租税条約の届出をe-Tax(電子申告)でできるようになりました(2021年4月より)

Last Updated on 2021年7月19日

2021年4月より、

租税条約の届出をe-Tax(電子申告)で行えることになりました。

手続と、要件について解説します。

 

  • 租税条約の届出の概要
  • 租税条約の届出をe-Taxで行う方法
  • 租税条約の届出をe-Taxで行う要件

租税条約の届出とは

日本に住所がない非居住者の方が日本の会社等から何らかの支払いを受けるとき、源泉徴収されることがあります。

例えば、以下の支払いです。

  • 著作権の譲渡に該当する原稿料
  • 配当・利子
  • 国内で行う人的役務提供事業の対価

この場合、原則として20.42%の源泉所得税が徴収されます。

ただし、非居住者が住んでいる国と日本が租税条約を結んでいれば源泉所得税が軽減又は免除されることがあります。

源泉所得税の軽減又は免除を受けるためには、非居住者の方が支払いを受ける日の前日までに、

租税条約に関する届出書を非居住者が記入、支払者を通じて所轄の税務署長へ提出しなければなりません。

 

 

租税条約の届出がe-Taxで可能に

2021年4月以前までは、租税条約の届出は書面でのみ認められていました。

非居住者の方が租税条約の届出書を記入し、添付書類とともにAIR MAILなどで支払者へ送付、

所轄の税務署へ提出という流れでした。

どうしても時間がかかることが難点でした。

2021年4月以降は、

  • 非居住者の方が届出書・添付書類をデータ(PDF)で支払者に提出
  • 支払者がデータ(PDF)を添付の上e-Tax(電子申告)により税務署へ提出

することができるようになりました。

 

要件

非居住者の要件

自身の氏名又は名称を明らかにするために、以下のいずれかの措置を行う必要があります。

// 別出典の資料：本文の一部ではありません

text \<open>Let \<open>k\<^sub>0\<close> be the bin containing the mode \<open>x0\<close>. A bin at lattice distance \<open>m \<ge> 2\<close>
  from \<open>k\<^sub>0\<close> that meets the support of \<open>f\<close> lies at distance of order \<open>m h\<close> from \<open>x0\<close>, so its
  mass is at most \<open>(f x0 - c m\<^sup>\<beta> h\<^sup>\<beta>) h\<^sup>d\<close> for a constant \<open>c > 0\<close>, whereas \<open>k\<^sub>0\<close> has mass at
  least \<open>(f x0 - C0 h\<^sup>\<beta>) h\<^sup>d\<close>. Beyond a constant threshold for \<open>m\<close> the gap is of order
  \<open>m\<^sup>\<beta> h\<^sup>\<beta>\<^sup>+\<^sup>d\<close>, and a Chernoff bound for the difference of the two counts shows that the bin
  collects at least as many samples as \<open>k\<^sub>0\<close> with probability at most
  \<open>exp (- \<gamma> n h\<^sup>d\<^sup>+\<^sup>2\<^sup>\<beta> m\<^sup>2\<^sup>\<beta>)\<close> for a constant \<open>\<gamma> > 0\<close>. The output is within \<open>A h\<close> of \<open>x0\<close>
  unless such a bin with \<open>m > A - 1\<close> beats \<open>k\<^sub>0\<close>, and the union bound over these bins is a
  convergent lattice sum.\<close>

section \<open>Comparing two cell counts\<close>

lemma exp_tilt_le:
  fixes p q :: real
  assumes "0 \<le> p" "p < q"
  shows "(exp ((q - p) / (4 * q)) - 1) * p + (exp (- ((q - p) / (4 * q))) - 1) * q
           \<le> - (q - p)\<^sup>2 / (8 * q)"
proof -
  define l where "l = (q - p) / (4 * q)"
  have q: "0 < q" using assms by linarith
  then have l: "0 < l" "l \<le> 1" using assms by (auto simp: l_def field_simps)
  have "exp l - 1 \<le> l + l\<^sup>2" using exp_bound[of l] l by simp
  moreover have "exp (- l) - 1 \<le> - l + l\<^sup>2"
  proof -
    have "exp (- l) = 1 / exp l" by (simp add: exp_minus field_simps)
    also have "\<dots> \<le> 1 / (1 + l)"
      using l by (intro divide_left_mono) (auto simp: add_pos_pos exp_ge_add_one_self)
    also have "\<dots> \<le> 1 - l + l\<^sup>2" using l by (simp add: field_simps power2_eq_square)
    finally show ?thesis by simp
  qed
  ultimately have "(exp l - 1) * p + (exp (- l) - 1) * q \<le> (l + l\<^sup>2) * p + (- l + l\<^sup>2) * q"
    using assms q by (intro add_mono mult_right_mono) auto
  also have "\<dots> \<le> - l * (q - p) + 2 * l\<^sup>2 * q"
    using assms l by (simp add: algebra_simps power2_eq_square)
  also have "\<dots> = - (q - p)\<^sup>2 / (8 * q)"
    using q by (simp add: l_def field_simps power2_eq_square)
  finally show ?thesis unfolding l_def .
qed
lemma fiber_path_if_minimal_pairs_connected:
  assumes lat: "is_lattice L"
    and minimal: "\<And>v w. (v, w) \<in> minimal_fiber_pairs L \<Longrightarrow> (fiber_edge L B v)\<^sup>*\<^sup>* v w"
  shows "0 \<le> x \<Longrightarrow> 0 \<le> y \<Longrightarrow> x - y \<in> L \<Longrightarrow> (fiber_edge L B x)\<^sup>*\<^sup>* x y"
proof (induction "nat (sum x UNIV + sum y UNIV)" arbitrary: x y rule: less_induct)
  case less
  show ?case
  proof (cases "x = y")
    case False
    then obtain v w where vw: "(v, w) \<in> minimal_fiber_pairs L" "v \<le> x" "w \<le> y"
      using minimal_fiber_pair_below[of x y L] less.prems by (auto simp: fiber_pairs_def)
    then have "0 \<le> v" "0 \<le> w" "v - w \<in> L" "v \<noteq> w"
      by (auto simp: minimal_fiber_pairs_def fiber_pairs_def)
    define c d where "c = x - v" and "d = y - w"
    have "0 \<le> c" "0 \<le> d" using vw by (simp_all add: c_def d_def)
    have "c - d \<in> L"
      using lattice_diff[OF lat less.prems(3) \<open>v - w \<in> L\<close>] by (simp add: c_def d_def algebra_simps)
    have "0 < sum v UNIV + sum w UNIV"
      using sum_UNIV_strict_mono[of 0 v] sum_UNIV_strict_mono[of 0 w] \<open>0 \<le> v\<close> \<open>0 \<le> w\<close> \<open>v \<noteq> w\<close>
        sum_UNIV_nonneg[of v] sum_UNIV_nonneg[of w]
      by (fastforce simp: order_less_le)
    moreover have "sum x UNIV = sum c UNIV + sum v UNIV" "sum y UNIV = sum d UNIV + sum w UNIV"
      by (simp_all add: c_def d_def sum.distrib[symmetric])
    moreover have "0 \<le> sum c UNIV" "0 \<le> sum d UNIV"
      using \<open>0 \<le> c\<close> \<open>0 \<le> d\<close> by (simp_all add: sum_UNIV_nonneg)
    ultimately have "(fiber_edge L B c)\<^sup>*\<^sup>* c d"
      using less.hyps[OF _ \<open>0 \<le> c\<close> \<open>0 \<le> d\<close> \<open>c - d \<in> L\<close>] by simp
    then have "(fiber_edge L B (c + w))\<^sup>*\<^sup>* (c + w) (d + w)"
      by (rule fiber_path_shift[OF \<open>0 \<le> w\<close>])
    moreover have "c + w \<in> fiber L x"
      using lattice_uminus[OF lat \<open>v - w \<in> L\<close>] \<open>0 \<le> c\<close> \<open>0 \<le> w\<close>
      by (simp add: mem_fiber_iff c_def)
    ultimately have "(fiber_edge L B x)\<^sup>*\<^sup>* (w + c) y"
      using fiber_edge_cong[OF lat] by (simp add: d_def add.commute)
    moreover have "(fiber_edge L B x)\<^sup>*\<^sup>* x (w + c)"
      using fiber_path_shift[OF \<open>0 \<le> c\<close> minimal[OF vw(1)]] by (simp add: c_def)
    ultimately show ?thesis by (rule rtranclp_trans[rotated])
  qed simp
qed

lemma markov_basis_if_minimal_pairs_connected:
  assumes lat: "is_lattice L" and "finite B" "B \<subseteq> L"
    and minimal: "\<And>v w. (v, w) \<in> minimal_fiber_pairs L \<Longrightarrow> (fiber_edge L B v)\<^sup>*\<^sup>* v w"
  shows "markov_basis L B"
  unfolding markov_basis_def fiber_graph_connected_def
proof (intro conjI allI impI ballI assms(2,3))
  fix u v w assume v: "v \<in> fiber L u" and w: "w \<in> fiber L u"
  then have "(fiber_edge L B v)\<^sup>*\<^sup>* v w"
    using fiber_path_if_minimal_pairs_connected[OF lat minimal] fiber_diff_mem[OF lat v w]
    by (simp add: mem_fiber_iff)
  then show "(fiber_edge L B u)\<^sup>*\<^sup>* v w" using fiber_edge_cong[OF lat v] by simp
qed
lemma components_sandwich:
  assumes "f \<in> Se_idempotents" "g \<in> eSe" "f' \<in> eS_idempotents"
  shows "components (sandwich (f, g, f')) = (f, g, f')"
proof -
  have S: "f \<in> S" "f' \<in> S"
    using assms by (simp_all add: Se_idempotents_def eS_idempotents_def)
  have ef: "e \<cdot> f = e" and fe: "f' \<cdot> e = e"
    using mult_Se_idempotent[OF assms(1), of e] eS_idempotent_mult[OF assms(3), of e] by simp_all
  have core: "e \<cdot> sandwich (f, g, f') \<cdot> e = g"
  proof -
    have "e \<cdot> sandwich (f, g, f') \<cdot> e = (e \<cdot> f) \<cdot> g \<cdot> (f' \<cdot> e)"
      using S assms(2) by (simp add: sandwich_def assoc)
    then show ?thesis
      using ef fe assms(2) by simp
  qed
  define h where "h = local_inv g"
  have h: "h \<in> eSe" "h \<cdot> g = e" "g \<cdot> h = e"
    using assms(2) by (simp_all add: h_def)
  have "sandwich (f, g, f') \<cdot> h = f \<cdot> (g \<cdot> (f' \<cdot> h))"
    using S assms(2) h by (simp add: sandwich_def assoc)
  also have "\<dots> = f"
    using eS_idempotent_mult[OF assms(3)] S assms(1,2) h by (simp add: Se_idempotents_def)
  finally have left: "sandwich (f, g, f') \<cdot> h = f" .
  have "h \<cdot> sandwich (f, g, f') = (h \<cdot> f) \<cdot> g \<cdot> f'"
    using S assms(2) h by (simp add: sandwich_def assoc)
  also have "\<dots> = f'"
    using mult_Se_idempotent[OF assms(1)] S assms(2,3) h by (simp add: eS_idempotents_def)
  finally have right: "h \<cdot> sandwich (f, g, f') = f'" .
  show ?thesis
    using core left right by (simp add: components_def h_def)
qed

text \<open>This is where simplicity enters: writing \<open>x = s e t\<close> with \<open>h = (e x e)\<inverse>\<close>, the
  middle factor \<open>e t h s e\<close> of \<open>x h x\<close> is the identity of the local group.\<close>
lemma regular_local_inv:
  assumes "simple_semigroup S (\<cdot>)" "x \<in> S"
  shows "x \<cdot> local_inv (e \<cdot> x \<cdot> e) \<cdot> x = x"
proof -
  obtain s t where st: "s \<in> S" "t \<in> S" and x: "x = s \<cdot> e \<cdot> t"
    using simple_semigroup_sandwich[OF assms(1) idem_closed assms(2)] .
  define a b where "a = e \<cdot> s \<cdot> e" and "b = e \<cdot> t \<cdot> e"
  have ab: "a \<in> eSe" "b \<in> eSe"
    using st by (simp_all add: a_def b_def)
  have g: "e \<cdot> x \<cdot> e = a \<cdot> b"
    using st by (simp add: x a_def b_def assoc)
  define h where "h = local_inv (a \<cdot> b)"
  have h: "h \<in> eSe" "h = local_inv b \<cdot> local_inv a"
    using ab by (simp_all add: h_def local_inv_mult eSe_mult_closed)
  have "e \<cdot> t \<cdot> h \<cdot> s \<cdot> e = b \<cdot> h \<cdot> a"
    using st h(1) by (simp add: a_def b_def assoc)
  also have "\<dots> = (b \<cdot> local_inv b) \<cdot> (local_inv a \<cdot> a)"
    using ab by (simp add: h(2) assoc)
  also have "\<dots> = e"
    using ab by simp
  finally have middle: "e \<cdot> t \<cdot> h \<cdot> s \<cdot> e = e" .
  have "x \<cdot> h \<cdot> x = s \<cdot> (e \<cdot> t \<cdot> h \<cdot> s \<cdot> e) \<cdot> t"
    using st h(1) by (simp add: x assoc)
  then have "x \<cdot> h \<cdot> x = x"
    using st by (simp add: middle x)
  then show ?thesis
    unfolding g h_def .
qed

lemma sandwich_components:
  assumes "simple_semigroup S (\<cdot>)" "x \<in> S"
  shows "sandwich (components x) = x"
proof -
  define h where "h = local_inv (e \<cdot> x \<cdot> e)"
  have h: "h \<in> eSe" "h \<cdot> (e \<cdot> x \<cdot> e) = e"
    using assms(2) by (simp_all add: h_def)
  have "sandwich (components x) = x \<cdot> (h \<cdot> (e \<cdot> x \<cdot> e)) \<cdot> h \<cdot> x"
    using assms(2) h(1) by (simp add: sandwich_def components_def h_def assoc)
  also have "\<dots> = x \<cdot> h \<cdot> x"
    using assms(2) h by (simp add: assoc)
  also have "\<dots> = x"
    using regular_local_inv[OF assms] by (simp add: h_def)
  finally show ?thesis .
qed
lemma circle_param_in_bigon_side_iff:
  fixes c c' u v :: "real^3"
  assumes S: "c \<in> S2" "c' \<in> S2" and k: "\<bar>c \<bullet> c'\<bar> < 1"
    and r: "0 < r" "r < pi" "0 \<le> r'" "r' \<le> pi"
    and uv: "norm u = 1" "norm v = 1" "u \<bullet> v = 0" "u \<bullet> c = 0" "v \<bullet> c = 0"
    and t0: "c' \<bullet> u = sqrt (1 - (c \<bullet> c')\<^sup>2) * cos t0" "c' \<bullet> v = sqrt (1 - (c \<bullet> c')\<^sup>2) * sin t0"
  shows "circle_param c r u v t \<in> bigon_side c r c' r'
    \<longleftrightarrow> (cos r' - cos r * (c \<bullet> c')) / (sin r * sqrt (1 - (c \<bullet> c')\<^sup>2)) \<le> cos (t - t0)"
proof -
  define s where "s = sqrt (1 - (c \<bullet> c')\<^sup>2)"
  define w where "w = cos t *\<^sub>R u + sin t *\<^sub>R v"
  define x where "x = circle_param c r u v t"
  have pos: "0 < sin r * s"
    using k r by (simp add: s_def abs_square_less_1 sin_gt_zero)
  have uu: "u \<bullet> u = 1" "v \<bullet> v = 1" "v \<bullet> u = 0"
    using uv by (simp_all add: dot_square_norm inner_commute)
  have "c \<bullet> w = 0"
    using uv by (simp add: w_def inner_add_right inner_commute)
  moreover have "w \<bullet> w = 1"
    using uu by (simp add: w_def inner_add_left inner_add_right inner_commute[of u v]
        power2_eq_square[symmetric])
  ultimately have cc: "c \<bullet> c = 1" "c \<bullet> w = 0" "w \<bullet> w = 1"
    using S2_inner_self[OF S(1)] by simp_all
  have x: "x = cos r *\<^sub>R c + sin r *\<^sub>R w"
    by (simp add: x_def circle_param_def w_def)
  have "x \<bullet> x = (cos r)\<^sup>2 + (sin r)\<^sup>2"
    unfolding x using cc by (simp add: inner_add_left inner_add_right inner_commute power2_eq_square)
  then have xS: "x \<in> S2"
    by (simp add: S2_def norm_eq_sqrt_inner)
  have "c \<bullet> x = cos r"
    unfolding x using cc by (simp add: inner_add_right)
  then have "sdist c x = r"
    using sdist_eq_iff[OF S(1) xS] r by simp
  moreover have "c' \<bullet> x = cos r * (c \<bullet> c') + sin r * (s * cos (t - t0))"
    unfolding x w_def using t0 by (simp add: inner_add_right inner_commute s_def cos_diff algebra_simps)
  ultimately have "x \<in> bigon_side c r c' r' \<longleftrightarrow> cos r' - cos r * (c \<bullet> c') \<le> cos (t - t0) * (sin r * s)"
    using sdist_le_iff[OF S(2) xS r(3,4)] xS by (auto simp: bigon_side_def algebra_simps)
  then show ?thesis
    using pos by (simp add: x_def s_def pos_divide_le_eq)
qed
lemma beta_image_Ls:
  assumes "2 \<le> s" "a0 \<in> A0" "a0 < s" "a1 \<notin> A0" "a1 < s"
  shows "beta A0 ` Ls s = Ls 2"
proof
  show "beta A0 ` Ls s \<subseteq> Ls 2"
    using beta_in_Ls by blast
  show "Ls 2 \<subseteq> beta A0 ` Ls s"
  proof
    fix \<beta> assume \<beta>: "\<beta> \<in> Ls 2"
    define a where "a = (if \<beta> 0 = 0 then a0 else a1)"
    have "(\<lambda>_. a) \<in> Ls s"
      unfolding a_def using assms by (simp add: const_in_Ls)
    moreover have "beta A0 (\<lambda>_. a) 0 = \<beta> 0"
      using Ls_le_pred[OF \<beta>, of 0] assms unfolding a_def by auto
    ultimately show "\<beta> \<in> beta A0 ` Ls s"
      using beta_lift_code[OF \<beta>, of 1 A0 "\<lambda>_. a"] lift_code_in_Ls[OF assms(1)]
      by (metis image_eqI less_one zero_less_one)
  qed
qed

lemma beta_eq_0_iff: "beta A0 \<alpha> = (\<lambda>_. 0) \<longleftrightarrow> \<alpha> 0 \<in> A0 \<and> \<alpha> = (\<lambda>_. \<alpha> 0)"
proof
  assume zero: "beta A0 \<alpha> = (\<lambda>_. 0)"
  then have "\<alpha> (Suc n) = \<alpha> n" for n
    using beta_Suc_eq_iff[of A0 \<alpha> n] by simp
  then have "\<alpha> n = \<alpha> 0" for n
    by (induction n) auto
  moreover have "\<alpha> 0 \<in> A0"
    using fun_cong[OF zero, of 0] by (simp split: if_splits)
  ultimately show "\<alpha> 0 \<in> A0 \<and> \<alpha> = (\<lambda>_. \<alpha> 0)"
    by auto
next
  assume const: "\<alpha> 0 \<in> A0 \<and> \<alpha> = (\<lambda>_. \<alpha> 0)"
  have "beta A0 \<alpha> n = 0" for n
  proof (induction n)
    case (Suc n)
    then show ?case
      using const beta_Suc_eq_iff[of A0 \<alpha> n] by metis
  qed (use const in simp)
  then show "beta A0 \<alpha> = (\<lambda>_. 0)" ..
qed

lemma codes_with_beta_sval_eq_0:
  assumes "2 \<le> s"
  shows "{\<alpha> \<in> Ls s. sval 2 (beta A0 \<alpha>) = 0} = (\<lambda>a _. a) ` ({..<s} \<inter> A0)"
  using sval_eq_0_iff[of 2, OF _ beta_in_Ls] beta_eq_0_iff[of A0] const_in_Ls
  by (fastforce simp: Ls_def)

lemma fmap_level_set_0:
  assumes "2 \<le> s" "encoding_map hs" "encoding_map h2"
  shows "{x \<in> {0..1}. fmap s hs h2 A0 x = Delta2 h2 (\<lambda>_. 0)} = DeltaS hs s ` (\<lambda>a _. a) ` ({..<s} \<inter> A0)"
  using fmap_level_set[OF assms const_in_Ls] codes_with_beta_sval_eq_0[OF assms(1)]
  by (simp add: sval_def)

definition alternating :: "(nat \<Rightarrow> nat) \<Rightarrow> bool" where
  "alternating \<alpha> \<longleftrightarrow> (\<forall>n. \<alpha> (Suc n) \<noteq> \<alpha> n)"

lemma beta_alternating:
  assumes "alternating \<alpha>" "\<alpha> 0 \<in> A0"
  shows "beta A0 \<alpha> n = n mod 2"
  using assms by (induction n) (auto simp: alternating_def mod_Suc)

lemma inj_on_sval_alternating:
  assumes "2 \<le> s"
  shows "inj_on (sval s) {\<alpha> \<in> Ls s. alternating \<alpha>}"
proof (rule inj_onI, rule ccontr)
  fix \<alpha> \<alpha>' assume "\<alpha> \<in> {\<alpha> \<in> Ls s. alternating \<alpha>}" "\<alpha>' \<in> {\<alpha> \<in> Ls s. alternating \<alpha>}"
    and eq: "sval s \<alpha> = sval s \<alpha>'" and "\<alpha> \<noteq> \<alpha>'"
  then have "\<alpha> \<in> Ls s" "\<alpha>' \<in> Ls s" "alternating \<alpha>"
    by simp_all
  then obtain k where "settles_at \<alpha> k"
    using sval_eq_imp_settles_at[OF assms _ _ eq \<open>\<alpha> \<noteq> \<alpha>'\<close>] by blast
  then have "\<alpha> (Suc (Suc k)) = \<alpha> (Suc k)"
    by (rule settles_atD(2)) simp
  then show False
    using \<open>alternating \<alpha>\<close> unfolding alternating_def by blast
qed

text \<open>With at least three digits every step of an alternating code offers two choices;
  this is where \<open>s > 2\<close> enters.\<close>
definition alt_digit :: "nat \<Rightarrow> bool \<Rightarrow> nat" where
  "alt_digit a b = (if b then (if a = 2 then 1 else 2) else (if a = 0 then 1 else 0))"

fun alt_code :: "nat \<Rightarrow> nat set \<Rightarrow> nat \<Rightarrow> nat" where
  "alt_code a S 0 = a"
| "alt_code a S (Suc n) = alt_digit (alt_code a S n) (n \<in> S)"

lemma alt_code_in_Ls:
  assumes "2 < s" "a < s"
  shows "alt_code a S \<in> Ls s"
proof -
  have "alt_code a S n < s" for n
    using assms by (induction n) (auto simp: alt_digit_def)
  then show ?thesis
    unfolding Ls_def by blast
qed

lemma alternating_alt_code: "alternating (alt_code a S)"
  unfolding alternating_def by (simp add: alt_digit_def)

lemma inj_alt_code: "inj (alt_code a)"
proof
  fix S T assume eq: "alt_code a S = alt_code a T"
  have "n \<in> S \<longleftrightarrow> n \<in> T" for n
    using fun_cong[OF eq, of "Suc n"] fun_cong[OF eq, of n] by (auto simp: alt_digit_def split: if_splits)
  then show "S = T"
    by blast
qed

  1. 租税条約の届出書・添付書類データに電子署名を行い、電子証明書を付して支払者に送信する。
  2. 支払者から通知されたID・パスワードを使って届出書・添付書類データを送信する。
  3. 支払者に身元確認書類(外国の官公署から発行されたもので、氏名又は名称・住所又は本店若しくは主たる事務所の所在地が記載されたもの)を提示し、届出書データ・添付書類データと同一であることの確認を支払者から受ける。

1.は、非居住者の方が電子証明書を有していなければいけないのでハードルが高めです。

2.は、支払者の独自データベースや、外部のクラウドストレージ等を想定した方法と考えられます。

3.は、非居住者が身元確認書類を準備する必要がありますが、メール添付等で確認さえ受ければ問題ないので1,2のようにシステムを有していなくても可能です。

なお、非居住者の方が送信する添付データのうち、第三者作成書類(居住者証明など)は、以下の要件を満たす必要があります。

  • 解像度が200dpi以上であること。
  • 赤色、緑色及び青色の階調が256階調以上(24ビットカラー)であること。
  • ファイル形式がPDF形式であること。(JPEGなどの画像形式はNG)

古いカメラ・スマホを使っていなければ、ほぼ大丈夫でしょう。

 

支払者(源泉徴収義務者)の要件

非居住者が届出書データの提供を行うために、支払者は次の要件をすべて満たす必要があります。

  1. 非居住者が提出するデータの提供を受けることができる状態であること。
  2. 非居住者から提供を受けたデータについて、非居住者を特定するための必要な措置をしていること。
  3. 非居住者から提供を受けたデータについて、ディスプレイ等への出力及び書面への出力ができること。

通常の取引の管理体制とIT環境(インターネット、メール、ディスプレイ、プリンタなど)が整っていれば、問題ないでしょう。

 

e-Taxをする際の要件

支払者(源泉徴収義務者)は、e-Taxをする際に

届出書データに電子署名を行い、電子証明書を付して送信する必要があります。

e-Taxを行うには

  • 利用者識別番号の取得(誰でもe-TaxのHPから取得できます)
  • 会社の電子証明書又は社長のマイナンバーカード
  • ICカードリーダライタ(電子証明書を読み取る装置。家電量販店で売っています)

が必要です。

送信するデータの要件は、非居住者の方が支払者に送信する第三者作成添付書類と同様、

  • 解像度が200dpi以上であること。
  • 赤色、緑色及び青色の階調が256階調以上(24ビットカラー)であること。
  • ファイル形式がPDF形式であること。(JPEGなどの画像形式はNG)

の3つです。

第三者作成書類以外の書類(特典条項に関する付表等)も、上記の要件を満たした上で非居住者の方からあらかじめ送信いただいたほうが良いでしょう。

 

まとめ

2021年4月より、租税条約の届出をe-Taxで行うための手続を説明しました。

国境を越えるアナログな書類のやり取りは大変ですので、是非e-Taxをご活用ください。